The method of defending the position - Money Management

Today's article will present the strategy of defending a loss-making position with the use of cyclical adding and retrieving capital to lower the entry price. We often keep our position at a loss and even though we see that the price can potentially turn back now and go "in our direction" - we do not increase the position, because we are afraid that the price will not reach the break even and we will be able to take out the averages there. For forex players using MetaTrader this may seem more intuitive, as each trade is displayed as a separate entry. For margin traders who operate on cryptocurrencies using popular exchanges, such as BitMEX or Deribit, it may seem less obvious. However, to get to the point. What is the strategy?

Assumption:

In trading, just like in strict disciplines, certain rules are right based on certain assumptions. This is no different for the capital management strategy described. So the assumptions are:

1) You are in a loss-making position, 2 The position was taken for less than half the deposit, 3 The price has not yet negated the scenario you are playing - there is a sense of averaging, You can afford a controlled insertion into position.

If all four of the above mentioned requirements are met, you can try to play the position as described in the following paragraph.

Way:

Clue of this method is to add to the position while being at a loss and then pull out a part of the position at a price that is profitable in relation to the averaging price, but not necessarily higher than the average entry price of the whole position. Usually we don't do this because taking out a part of the position at a loss relative to the entry price will result in a depletion of the deposit - the broker, e.g. BitMEX, books it as a loss and we don't want to lose! However, logically, if we add to a position and then reduce it at a better price than we added, we have made money (we have reduced the global loss on the position)! Realising this mechanism is the key to understanding this method. The easiest way to discuss this way of playing a position is through a case study.

Case study

Let's consider a position played on the XBTUSD pair on the BitMEX platform - we are opening a lounge for 1000 x50 contracts at 8170.
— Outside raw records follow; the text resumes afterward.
(* Let $\lambda\in(\frac16,\frac56)$ and $x\in[0,1]\setminus\mathcal E$. For $n\ge1$ let $m^+_n$ be the maximum of the absolute values of the slopes of $F^\lambda_n$. If $m_n(x)\neq0$, then $\sqrt{36\lambda^2-1}\le|m_n(x)|\le m^+_n$, and $m^+_n\asymp(6\lambda+1)^n$, i.e. there are constants $0<c\le C$ depending only on $\lambda$ with $c(6\lambda+1)^n\le m^+_n\le C(6\lambda+1)^n$ for all $n\ge1$. Moreover, if $\lambda>\frac13$, then for every $x\in[0,1]\setminus\widetilde{\mathcal E}$, $\lim_{n\to\infty}|m_n(x)|=+\infty$.
   Context: Construction: $F^\lambda_0\equiv0$ on $[0,1]$ (one interval of generation $0$). Given $F^\lambda_n$ with its $4^n$ closed intervals of generation $n$ (covering $[0,1]$, disjoint interiors, $F^\lambda_n$ affine on each), on each interval $[a,b]$ of generation $n$, with $\ell=b-a$ and slope $m$, $F^\lambda_{n+1}$ coincides with $F^\lambda_n$ at $a,a+\ell/3,a+2\ell/3,b$, equals $F^\lambda_n(a+\ell/2)+\lambda\ell\sqrt{1+m^2}$ at $a+\ell/2$, and is affine on $[a,a+\ell/3],[a+\ell/3,a+\ell/2],[a+\ell/2,a+2\ell/3],[a+2\ell/3,b]$. Dynamics: $T(x)=3x$ on $[0,\frac13)$, $6x-2$ on $[\frac13,\frac12)$, $4-6x$ on $[\frac12,\frac23)$, $3x-2$ on $[\frac23,1]$; $U(x)=0,1,2,3$ on these intervals respectively; $u_n(x)=U(T^nx)$; $\beta_{1,2}(x,n)=\#\{k<n:u_k(x)\in\{1,2\}\}$. $\mathcal E$ is the set of $x$ whose digit sequence $(u_n(x))$ is eventually constantly $0$ or eventually constantly $3$; $\widetilde{\mathcal E}\supset\mathcal E$ is the set of $x$ for which $(\beta_{1,2}(x,n))_n$ is eventually constant. For $x\notin\mathcal E$, $F^\lambda_n$ is differentiable at $x$ and $m_n(x)$ is its slope at $x$. *)

theory Defs
  imports "HOL-Analysis.Analysis"
begin

primrec Ivs :: "nat \<Rightarrow> (real \<times> real) set" where
  "Ivs 0 = {(0, 1)}"
| "Ivs (Suc n) = (\<Union>(a, b)\<in>Ivs n.
     {(a, a + (b - a) / 3), (a + (b - a) / 3, a + (b - a) / 2),
      (a + (b - a) / 2, a + 2 * (b - a) / 3), (a + 2 * (b - a) / 3, b)})"

definition interp :: "real \<Rightarrow> real \<Rightarrow> real \<Rightarrow> real \<Rightarrow> real \<Rightarrow> real" where
  "interp x0 y0 x1 y1 x = y0 + (y1 - y0) / (x1 - x0) * (x - x0)"

primrec Fl :: "real \<Rightarrow> nat \<Rightarrow> real \<Rightarrow> real" where
  "Fl lam 0 x = 0"
| "Fl lam (Suc n) x =
     (let ab = (SOME p. p \<in> Ivs n \<and> fst p \<le> x \<and> x \<le> snd p);
          a = fst ab; b = snd ab; f = Fl lam n;
          l = b - a; m = (f b - f a) / l;
          p1 = a + l / 3; p2 = a + l / 2; p3 = a + 2 * l / 3;
          y1 = f p1; y2 = f p2 + lam * l * sqrt (1 + m\<^sup>2); y3 = f p3
      in if x \<le> p1 then interp a (f a) p1 y1 x
         else if x \<le> p2 then interp p1 y1 p2 y2 x
         else if x \<le> p3 then interp p2 y2 p3 y3 x
         else interp p3 y3 b (f b) x)"

definition slope_m :: "real \<Rightarrow> nat \<Rightarrow> real \<Rightarrow> real" where
  "slope_m lam n x = deriv (Fl lam n) x"

definition mplus :: "real \<Rightarrow> nat \<Rightarrow> real" where
  "mplus lam n = Max ((\<lambda>(a, b). \<bar>(Fl lam n b - Fl lam n a) / (b - a)\<bar>) ` Ivs n)"

definition Tmap :: "real \<Rightarrow> real" where
  "Tmap x = (if x < 1/3 then 3 * x else if x < 1/2 then 6 * x - 2
             else if x < 2/3 then 4 - 6 * x else 3 * x - 2)"

definition Umap :: "real \<Rightarrow> nat" where
  "Umap x = (if x < 1/3 then 0 else if x < 1/2 then 1 else if x < 2/3 then 2 else 3)"

definition digit :: "nat \<Rightarrow> real \<Rightarrow> nat" where
  "digit n x = Umap ((Tmap ^^ n) x)"

definition beta12 :: "real \<Rightarrow> nat \<Rightarrow> nat" where
  "beta12 x n = card {k. k < n \<and> digit k x \<in> {1, 2}}"

definition Eset :: "real set" where
  "Eset = {x. \<exists>N. (\<forall>k\<ge>N. digit k x = 0) \<or> (\<forall>k\<ge>N. digit k x = 3)}"

definition Etilde :: "real set" where
  "Etilde = {x. \<exists>N. \<forall>k\<ge>N. beta12 x k = beta12 x N}"

end

(*
  On a generation-n interval of slope m, F_(n+1) keeps the slope m on the outer thirds and,
  since the midpoint is raised by lam l sqrt(1 + m^2) over pieces of length l/6, has slopes
  m + 6 lam sqrt(1 + m^2) and m - 6 lam sqrt(1 + m^2) on the two middle pieces. For K >= 1 both
  values of m +- K sqrt(1 + m^2) have absolute value at least sqrt(K^2 - 1) and at least
  (K - 1) sqrt(1 + m^2), and at most |m| + K (1 + |m|). With K = 6 lam this gives the lower
  bound on nonzero slopes and (6 lam + 1) m+_n <= m+_(n+1) <= (6 lam + 1) m+_n + 6 lam.
  The generation-n interval containing x is found by following the orbit of x under the folding
  map T: digits 0 and 3 select an outer piece, digits 1 and 2 a middle one. Hence the slope
  at x is multiplied by at least 6 lam - 1 at each digit 1 or 2, and diverges when there are
  infinitely many of them.
*)

theory Submission
  imports Defs
begin

section \<open>Generation intervals\<close>

definition cut_point :: "nat \<Rightarrow> real" where
  "cut_point i =
    (if i = 0 then 0 else if i = 1 then 1/3 else if i = 2 then 1/2 else if i = 3 then 2/3 else 1)"

definition node :: "real \<times> real \<Rightarrow> nat \<Rightarrow> real" where
  "node p i = fst p + cut_point i * (snd p - fst p)"

definition child :: "nat \<Rightarrow> real \<times> real \<Rightarrow> real \<times> real" where
  "child i p = (node p i, node p (Suc i))"

lemma less_4_cases: "(i::nat) < 4 \<longleftrightarrow> i = 0 \<or> i = 1 \<or> i = 2 \<or> i = 3"
  by auto

lemma child_simps:
  "child 0 (a, b) = (a, a + (b - a) / 3)"
  "child 1 (a, b) = (a + (b - a) / 3, a + (b - a) / 2)"
  "child 2 (a, b) = (a + (b - a) / 2, a + 2 * (b - a) / 3)"
  "child 3 (a, b) = (a + 2 * (b - a) / 3, b)"
  by (simp_all add: child_def node_def cut_point_def)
  • Trade direction - Long
  • Number of contracts - 1000
  • Lever - 50
  • Entry price - 8170
  • Entry Value: -12 240 000

Suppose the price drops to 8150. We buy another 1000 contracts:

  • Direction of transaction - Long
  • Number of contracts - 1000
  • Lever - 50
  • Entry price - 8120
  • Entry Value: -12 315 000

After this addition, our position is for 2000 contracts and the position balance is -24 555 000 XBt, averaged entry price 8145. The price went up to 8140, but it didn't go through, so we draw 1000 contracts at 8140:

  • Direction of transaction - Short
  • Number of contracts - 1000
  • Lever - 50
  • Entry price - 8140
  • Entry Value: 12 285 000

Our deposit will be slightly depleted (by 7500 XBt), currently the position is 1000 contracts and its status is 12 270 000, the entry price displayed by BitMEX is still 8145, but the actual output at 0 calculated according to the position status is 8150.

The price continues to decrease. We buy 1000 contracts at 8100.

  • Direction of transaction - Long
  • Number of contracts - 1000
  • Lever - 50
  • Entry price - 8100
  • Entry Value: -12 346 000

We have 2000 contracts in the game, positional status: -24 616 000 XBt, entry price according to BitMEX 8122.5, exit price "to zero" 8125.

We exit the whole position at 8130:

  • Direction of the transaction - Short
  • Number of contracts - 2000
  • Lever - 50
  • Entry price - 8130
  • Entry Value: 24 600 000

We make the difference between the Entry Value and the previous position, that is 16,000 XBt.

List

In the above considerations, commission fees were omitted.

Summary

The method presented above enables a more conscious playing of positions with an averaging. It also avoids the possibility of increasing the position "infinitely", which often leads to excessive overfload and high loss. As you can see from the example above, if we had waited for the price to reach the 8145 average - we wouldn't have seen it, and probably at 8100 we wouldn't have added up. In this case, we managed to break down the entry price a little, and except for the averaging, we were able to provide ourselves with the mental comfort of being in a smaller position and being able to do the re-insertion/retrieval operation. The way presented above is an interesting alternative to waiting "until it bounces" and gives you the opportunity to play the position further, even when our position is in the minus, additionally allows you to lower the real entry price and go out to the plus, in favourable conditions. However, it is important to remember that by using this method, the entry price shown by BitMEX is different from the real "exit price to zero" and that by closing a position at a loss - the deposit will melt. It is therefore worthwhile to calculate the actual "exit price to zero" on the way.

Share your opinions about this method of defending your position!